Workers Vanguard No. 878 |
13 October 2006 |
Victory to the Goodyear Strike
OCTOBER 9—15,000 workers represented by the United Steelworkers (USW) struck Goodyear Tire & Rubber Co. on October 5, shutting down 12 U.S. plants in ten states and four Canadian plants. The strike is against company plans to close plants in Tyler, Texas, and Gadsden, Alabama, and to slash wages and health care benefits, even after Goodyear raked in over $200 million in profits last year and awarded top executives millions in bonuses. In 2003, the union agreed to a contract allowing the company to close a plant in Alabama and eliminate 6,000 jobs, while cutting wages, pensions and health care benefits. As one worker in Akron said, Two billion dollars in concessions in 2003. Now they want more (Associated Press, 6 October).
The company wants to reduce wages by some 40 percent through combining job classifications, changing work rules and outsourcing maintenance. A shop steward at the Goodyear plant in Fayetteville, North Carolina, told Workers Vanguard, Cut and gut is what they want. They have fantasies of busting the union. Many of the plants are in areas where union jobs, or jobs of any kind, are scarce, and a strike victory will be a blow against the capitalists vicious union-busting.

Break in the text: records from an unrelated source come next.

lemma perturbed_linear_ode_quadratic_error_segment:
  fixes D :: "real^'n^'n" and S :: "real^'n \<Rightarrow> real^'n^'n"
  assumes \<rho>: "0 < \<rho>" and Cs: "0 \<le> Cs"
    and S_near: "\<And>w. norm w \<le> \<rho> \<Longrightarrow> norm (S w - mat 1) \<le> Cs * norm w ^ 2"
  shows "\<exists>K. \<forall>\<^sub>F (p, y) in nhds (0, 0). \<forall>z. z 0 = y \<longrightarrow>
      (\<forall>\<tau>\<in>closed_segment 0 T. (z has_vector_derivative S (z \<tau>) *v p - D *v z \<tau>) (at \<tau>)) \<longrightarrow>
      norm (z T - (expm_neg D T *v y + expm_neg_integral D T *v p)) \<le> K * (norm y ^ 2 + norm p ^ 2)"
proof (cases "0 \<le> T")
  case True
  then show ?thesis
    using perturbed_linear_ode_quadratic_error[OF True \<rho> Cs, of S D] S_near
    by (simp add: closed_segment_eq_real_ivl)
next
  case False
  obtain K where "\<forall>\<^sub>F (p, y) in nhds (0, 0). \<forall>z. z 0 = y \<longrightarrow>
      (\<forall>\<tau>\<in>{0..-T}. (z has_vector_derivative S (z \<tau>) *v p - (- D) *v z \<tau>) (at \<tau>)) \<longrightarrow>
      norm (z (- T) - (expm_neg (- D) (- T) *v y + expm_neg_integral (- D) (- T) *v p))
        \<le> K * (norm y ^ 2 + norm p ^ 2)"
    using perturbed_linear_ode_quadratic_error[of "- T" \<rho> Cs S "- D"] False \<rho> Cs S_near by force
  moreover have "filterlim (\<lambda>(p, y). (- p, y)) (nhds (0, 0)) (nhds ((0::real^'n), (0::real^'n)))"
    by (auto simp: case_prod_unfold intro!: tendsto_eq_intros filterlim_ident)
  ultimately have K: "\<forall>\<^sub>F (p, y) in nhds (0, 0). \<forall>z. z 0 = y \<longrightarrow>
      (\<forall>\<tau>\<in>{0..-T}. (z has_vector_derivative S (z \<tau>) *v (- p) - (- D) *v z \<tau>) (at \<tau>)) \<longrightarrow>
      norm (z (- T) - (expm_neg (- D) (- T) *v y + expm_neg_integral (- D) (- T) *v (- p)))
        \<le> K * (norm y ^ 2 + norm p ^ 2)"
    by (auto dest: eventually_compose_filterlim simp: case_prod_unfold)
  have "norm (z T - (expm_neg D T *v y + expm_neg_integral D T *v p)) \<le> K * (norm y ^ 2 + norm p ^ 2)"
    if "\<forall>z. z 0 = y \<longrightarrow>
      (\<forall>\<tau>\<in>{0..-T}. (z has_vector_derivative S (z \<tau>) *v (- p) - (- D) *v z \<tau>) (at \<tau>)) \<longrightarrow>
      norm (z (- T) - (expm_neg (- D) (- T) *v y + expm_neg_integral (- D) (- T) *v (- p)))
        \<le> K * (norm y ^ 2 + norm p ^ 2)"
      and "z 0 = y"
      and z': "\<forall>\<tau>\<in>closed_segment 0 T. (z has_vector_derivative S (z \<tau>) *v p - D *v z \<tau>) (at \<tau>)"
    for p y and z :: "real \<Rightarrow> real^'n"
  proof -
    have "\<forall>\<tau>\<in>{0..-T}. ((\<lambda>\<tau>. z (- \<tau>)) has_vector_derivative S (z (- \<tau>)) *v (- p) - (- D) *v z (- \<tau>)) (at \<tau>)"
    proof
      fix \<tau> assume "\<tau> \<in> {0..-T}"
      with False z' have "(z has_vector_derivative S (z (- \<tau>)) *v p - D *v z (- \<tau>)) (at (- \<tau>))"
        by (auto simp: closed_segment_eq_real_ivl)
      from has_vector_derivative_reflect[OF this]
      show "((\<lambda>\<tau>. z (- \<tau>)) has_vector_derivative S (z (- \<tau>)) *v (- p) - (- D) *v z (- \<tau>)) (at \<tau>)"
        by (simp add: matrix_vector_mult.minus_left matrix_vector_mult.minus_right)
    qed
    with that show ?thesis
      by (auto simp: expm_neg_uminus expm_neg_integral_uminus matrix_vector_mult.minus_left
          matrix_vector_mult.minus_right dest!: spec[of _ "\<lambda>\<tau>. z (- \<tau>)"])
  qed
  with K show ?thesis
    by (intro exI[of _ K]) (auto elim!: eventually_mono)
qed

lemma ode_family_quadratic_deviation:
  fixes D :: "real^'n^'n" and S :: "real^'n \<Rightarrow> real^'n^'n"
    and z :: "real \<Rightarrow> real^'n \<Rightarrow> real^'n \<Rightarrow> real^'n"
  assumes \<rho>: "0 < \<rho>" and Cs: "0 \<le> Cs"
    and S_near: "\<And>w. norm w \<le> \<rho> \<Longrightarrow> norm (S w - mat 1) \<le> Cs * norm w ^ 2"
    and U: "open U" "(0, 0) \<in> U" and I: "is_interval I" "0 \<in> I" and t: "t \<in> I"
    and z': "\<And>p y s. (p, y) \<in> U \<Longrightarrow> s \<in> I \<Longrightarrow>
      ((\<lambda>t. z t p y) has_vector_derivative S (z s p y) *v p - D *v z s p y) (at s)"
    and z0: "\<And>p y. (p, y) \<in> U \<Longrightarrow> z 0 p y = y"
  shows "\<exists>K. \<forall>\<^sub>F (p, y) in nhds (0, 0).
    norm (z t p y - (expm_neg D t *v y + expm_neg_integral D t *v p)) \<le> K * (norm y ^ 2 + norm p ^ 2)"
proof -
  obtain K where K: "\<forall>\<^sub>F (p, y) in nhds (0, 0). \<forall>z. z 0 = y \<longrightarrow>
      (\<forall>\<tau>\<in>closed_segment 0 t. (z has_vector_derivative S (z \<tau>) *v p - D *v z \<tau>) (at \<tau>)) \<longrightarrow>
      norm (z t - (expm_neg D t *v y + expm_neg_integral D t *v p)) \<le> K * (norm y ^ 2 + norm p ^ 2)"
    using perturbed_linear_ode_quadratic_error_segment[OF \<rho> Cs, of S t D] S_near by blast
  have "closed_segment 0 t \<subseteq> I"
    using I t by (simp add: closed_segment_subset is_interval_convex)
  have "\<forall>\<^sub>F (p, y) in nhds (0, 0). (p, y) \<in> U"
    using eventually_nhds_in_open[OF U] by (simp add: case_prod_unfold)
  with K have "\<forall>\<^sub>F (p, y) in nhds (0, 0).
      norm (z t p y - (expm_neg D t *v y + expm_neg_integral D t *v p)) \<le> K * (norm y ^ 2 + norm p ^ 2)"
  proof eventually_elim
    case (elim q)
    obtain p y where q: "q = (p, y)" by fastforce
    with elim have "(p, y) \<in> U" by simp
    with z' z0 \<open>closed_segment 0 t \<subseteq> I\<close> elim show ?case
      by (auto simp: q dest!: spec[of _ "\<lambda>\<tau>. z \<tau> p y"])
  qed
  then show ?thesis by blast
qed

lemma bigo_of_quadratic_deviation:
  fixes f :: "'a::real_normed_vector \<Rightarrow> 'b::real_normed_vector \<Rightarrow> 'c::real_normed_vector"
  assumes "\<forall>\<^sub>F (p, y) in nhds (0, 0). norm (f p y) \<le> K * (norm y ^ 2 + norm p ^ 2)"
  shows "(\<lambda>(p, y). norm (f p y)) \<in> O[at (0, 0)](\<lambda>(p, y). norm y ^ 2 + norm p ^ 2 + norm p * norm y)"
proof (rule bigoI[where c = "max K 0"])
  have "K * (v ^ 2 + u ^ 2) \<le> max K 0 * (v ^ 2 + u ^ 2 + u * v)" if "0 \<le> u" "0 \<le> v" for u v :: real
    using that by (intro order_trans[OF mult_right_mono[of K "max K 0"] mult_left_mono]) auto
  with assms show "\<forall>\<^sub>F q in at (0, 0). norm ((\<lambda>(p, y). norm (f p y)) q)
      \<le> max K 0 * norm ((\<lambda>(p, y). norm y ^ 2 + norm p ^ 2 + norm p * norm y) q)"
    by (auto simp: eventually_at_filter elim!: eventually_mono intro: order_trans)
qed

lemma has_derivative_if_quadratic_remainder:
  assumes L: "bounded_linear L"
    and f: "\<forall>\<^sub>F x in nhds a. norm (f x - f a - L (x - a)) \<le> K * norm (x - a) ^ 2"
  shows "(f has_derivative L) (at a)"
  unfolding has_derivative_at_alt
proof (intro conjI L allI impI)
  fix e :: real assume e: "0 < e"
  obtain d where d: "0 < d" "\<And>x. dist x a < d \<Longrightarrow> norm (f x - f a - L (x - a)) \<le> K * norm (x - a) ^ 2"
    using f unfolding eventually_nhds_metric by blast
  show "\<exists>d>0. \<forall>x. norm (x - a) < d \<longrightarrow> norm (f x - f a - L (x - a)) \<le> e * norm (x - a)"
  proof (intro exI[of _ "min d (e / (\<bar>K\<bar> + 1))"] conjI allI impI)
    fix x assume x: "norm (x - a) < min d (e / (\<bar>K\<bar> + 1))"
    have "norm (f x - f a - L (x - a)) \<le> K * norm (x - a) ^ 2"
      using d(2)[of x] x by (simp add: dist_norm)
    also have "\<dots> \<le> (\<bar>K\<bar> * norm (x - a)) * norm (x - a)"
      by (simp add: power2_eq_square mult_right_mono mult.assoc[symmetric])
    also have "\<dots> \<le> e * norm (x - a)"
    proof (rule mult_right_mono)
      have "\<bar>K\<bar> * norm (x - a) \<le> (\<bar>K\<bar> + 1) * norm (x - a)" by (simp add: mult_right_mono)
      also have "\<dots> \<le> e" using x by (simp add: field_simps)
      finally show "\<bar>K\<bar> * norm (x - a) \<le> e" .
    qed simp
    finally show "norm (f x - f a - L (x - a)) \<le> e * norm (x - a)" .
  qed (use d(1) e in simp)
qed

lemma has_derivative_of_quadratic_deviation:
  fixes g :: "real^'n \<Rightarrow> real^'n \<Rightarrow> real^'n"
  assumes "\<forall>\<^sub>F (p, y) in nhds (0, 0). norm (g p y - (A *v y + B *v p)) \<le> K * (norm y ^ 2 + norm p ^ 2)"
  shows "((\<lambda>p. g p 0) has_derivative (\<lambda>v. B *v v)) (at 0)"
proof -
  from eventually_compose_filterlim[OF assms tendsto_Pair[OF filterlim_ident tendsto_const]]
  have K: "\<forall>\<^sub>F p in nhds 0. norm (g p 0 - B *v p) \<le> K * norm p ^ 2"
    by simp
  then have "g 0 0 = 0" by (auto dest: eventually_nhds_x_imp_x)
  with K have "\<forall>\<^sub>F p in nhds 0. norm (g p 0 - g 0 0 - B *v (p - 0)) \<le> K * norm (p - 0) ^ 2"
    by simp
  then show ?thesis
    by (rule has_derivative_if_quadratic_remainder[OF matrix_vector_mult.bounded_linear_right])
qed
definition line_pairing :: "'v set \<Rightarrow> ('v \<times> hl \<Rightarrow> 'v \<times> hl) \<Rightarrow> bool" where
  "line_pairing V L \<longleftrightarrow>
     (\<forall>x\<in>half_lines V. L x \<in> half_lines V \<and> L x \<noteq> x \<and> L (L x) = x
        \<and> (plus_hl (snd x) \<longleftrightarrow> \<not> plus_hl (snd (L x))))"

definition vacuum_graph :: "'v set \<Rightarrow> ('v \<times> hl \<Rightarrow> 'v \<times> hl) \<Rightarrow> bool" where
  "vacuum_graph V L \<longleftrightarrow> finite V \<and> V \<noteq> {} \<and> line_pairing V L \<and> connected_graph V L"

definition strand_ends :: "'v set \<Rightarrow> ('v \<times> hl \<times> slot) set" where
  "strand_ends V = V \<times> UNIV \<times> UNIV"

definition strand_rel :: "'v set \<Rightarrow> ('v \<times> hl \<Rightarrow> 'v \<times> hl) \<Rightarrow> (('v \<times> hl \<times> slot) \<times> ('v \<times> hl \<times> slot)) set" where
  "strand_rel V L = {((v, h, s), (w, h', s')). v \<in> V \<and> w \<in> V \<and> s' = s \<and>
      ((w = v \<and> h' = vpartner s h) \<or> L (v, h) = (w, h'))}"

definition faces :: "'v set \<Rightarrow> ('v \<times> hl \<Rightarrow> 'v \<times> hl) \<Rightarrow> ('v \<times> hl \<times> slot) set set" where
  "faces V L = strand_ends V // ((strand_rel V L)\<^sup>*)"

text \<open>Face types: j-strands are inner; k-strands (h1-h2, h3-h4) and i-strands
  (h1-h4, h2-h3) are the two outer types. The jacket omitting type t consists of
  the faces of the other two types.\<close>
definition jacket_faces :: "'v set \<Rightarrow> ('v \<times> hl \<Rightarrow> 'v \<times> hl) \<Rightarrow> slot \<Rightarrow> nat" where
  "jacket_faces V L t = card {f \<in> faces V L. \<exists>x\<in>f. snd (snd x) \<noteq> t}"

definition jacket_genus :: "'v set \<Rightarrow> ('v \<times> hl \<Rightarrow> 'v \<times> hl) \<Rightarrow> slot \<Rightarrow> real" where
  "jacket_genus V L t = 1 - (real (jacket_faces V L t) - real (2 * card V) + real (card V)) / 2"

definition degree :: "'v set \<Rightarrow> ('v \<times> hl \<Rightarrow> 'v \<times> hl) \<Rightarrow> real" where
  "degree V L = (\<Sum>t\<in>UNIV. jacket_genus V L t)"

definition ext_half_lines :: "'v set \<Rightarrow> ('v \<times> hl \<Rightarrow> 'v \<times> hl) \<Rightarrow> ('v \<times> hl) set" where
  "ext_half_lines S L = {x \<in> half_lines S. fst (L x) \<notin> S}"

definition two_point_subgraph :: "'v set \<Rightarrow> ('v \<times> hl \<Rightarrow> 'v \<times> hl) \<Rightarrow> 'v set \<Rightarrow> bool" where
  "two_point_subgraph V L S \<longleftrightarrow> S \<subseteq> V \<and> S \<noteq> {} \<and> connected_graph S L \<and>
     card (ext_half_lines S L) = 2 \<and>
     (\<exists>p m. ext_half_lines S L = {p, m} \<and> plus_hl (snd p) \<and> \<not> plus_hl (snd m))"

definition ext_plus :: "'v set \<Rightarrow> ('v \<times> hl \<Rightarrow> 'v \<times> hl) \<Rightarrow> 'v \<times> hl" where
  "ext_plus S L = (THE x. x \<in> ext_half_lines S L \<and> plus_hl (snd x))"

definition ext_minus :: "'v set \<Rightarrow> ('v \<times> hl \<Rightarrow> 'v \<times> hl) \<Rightarrow> 'v \<times> hl" where
  "ext_minus S L = (THE x. x \<in> ext_half_lines S L \<and> \<not> plus_hl (snd x))"

definition close_lines :: "'v set \<Rightarrow> ('v \<times> hl \<Rightarrow> 'v \<times> hl) \<Rightarrow> ('v \<times> hl \<Rightarrow> 'v \<times> hl)" where
  "close_lines S L = (let p = ext_plus S L; m = ext_minus S L in
     (\<lambda>x. if x = p then m else if x = m then p else L x))"

definition contract_lines :: "'v set \<Rightarrow> ('v \<times> hl \<Rightarrow> 'v \<times> hl) \<Rightarrow> ('v \<times> hl \<Rightarrow> 'v \<times> hl)" where
  "contract_lines S L = (let p' = L (ext_plus S L); m' = L (ext_minus S L) in
     (\<lambda>x. if x = p' then m' else if x = m' then p' else L x))"

end

theory Submission
  imports Defs
begin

The union is planning for a long strike, and, according to Todays Trucking online (6 October), the company has stockpiled its rubber products. Goodyear says it will supply its customers by using managers and overseas production. The strike by black, white and Latino Goodyear workers—who now include many women—must be supported by all labor. At Fayetteville, railroad workers are honoring picket lines set up on rail lines going into the plant. Militant picket lines to stop scabs, and the honoring of USW picket lines by unionized truckers and rail workers, can ensure that all production is stopped.
Defense of the unions that have a foothold in the region is an important part of the fight to organize the open shop South, where union-busting and anti-black terror have always gone hand in hand. Goodyear operates two non-union plants, one in Oklahoma and one in Ontario. A solid strike to beat back the company could provide an impetus to organize all the non-union plants in the tire and rubber industry.
The union says that Goodyear, the worlds third-largest tire manufacturer, wants to close the U.S. plants in order to build more plants overseas. Goodyear has more than 100 plants in 29 countries, pointing to the need for international labor solidarity. Goodyear has been attacking its workers and their unions from Colombia and Guatemala to Britain and Turkey, while fighting unionization drives in Thailand and Malaysia.
In 1999, under the aegis of the International Federation of Chemical, Energy, Mine and General Workers Unions (ICEM), trade-union representatives from 16 countries met in Cleveland to form a network for Goodyear workers from around the world. The ICEM, which includes the USW, has called for elementary measures of international solidarity with the Goodyear strikers, including for trade unions in the rubber industry—particularly at Goodyear plants in Central and South America—to monitor their inventories and production to ensure that they are not undermining the USWs strike action. Rubber workers internationally must fight against any attempts by Goodyear to break the USW strike by ramping up production, and all longshoremen must refuse to handle any cargo meant to undermine the strike.
This year the USW campaigned in defense of the Mexican mine and steel workers union, which faced down union-busting in Lázaro Cárdenas, Mexico, winning a militant four-month strike with a plant occupation and pitched battles against the police. But the USW bureaucrats for decades have been at the forefront of the U.S. labor bureaucracys protectionist campaigns, forming a Stand Up for Steel alliance with the steel bosses to call for measures against imports. Protectionism in defense of American bosses against foreign competition pits American workers against their class brothers and sisters abroad. It is poisonous to the international working-class unity that is needed to advance the struggle against the bosses in each country, including the U.S. A particular target of the USW tops protectionism is the Chinese deformed workers state. At the 1999 anti-globalization protests in Seattle, the Steelworkers tops grotesquely dumped mock Chinese steel into Puget Sound. Anti-Communist China-bashing only serves the counterrevolutionary interests of the U.S. imperialist rulers, who want to turn China into a giant sweatshop.
The United Rubber Workers, which merged with the USW in 1995, was a key component of the Congress of Industrial Organizations and waged some of the most hard-bitten strikes in the 1930s. Today, labor solidarity, and more than ever international class solidarity, is key to rebuilding industrial unions in the U.S. and reversing the bosses massacre of workers rights and living standards. Victory to the Goodyear strike!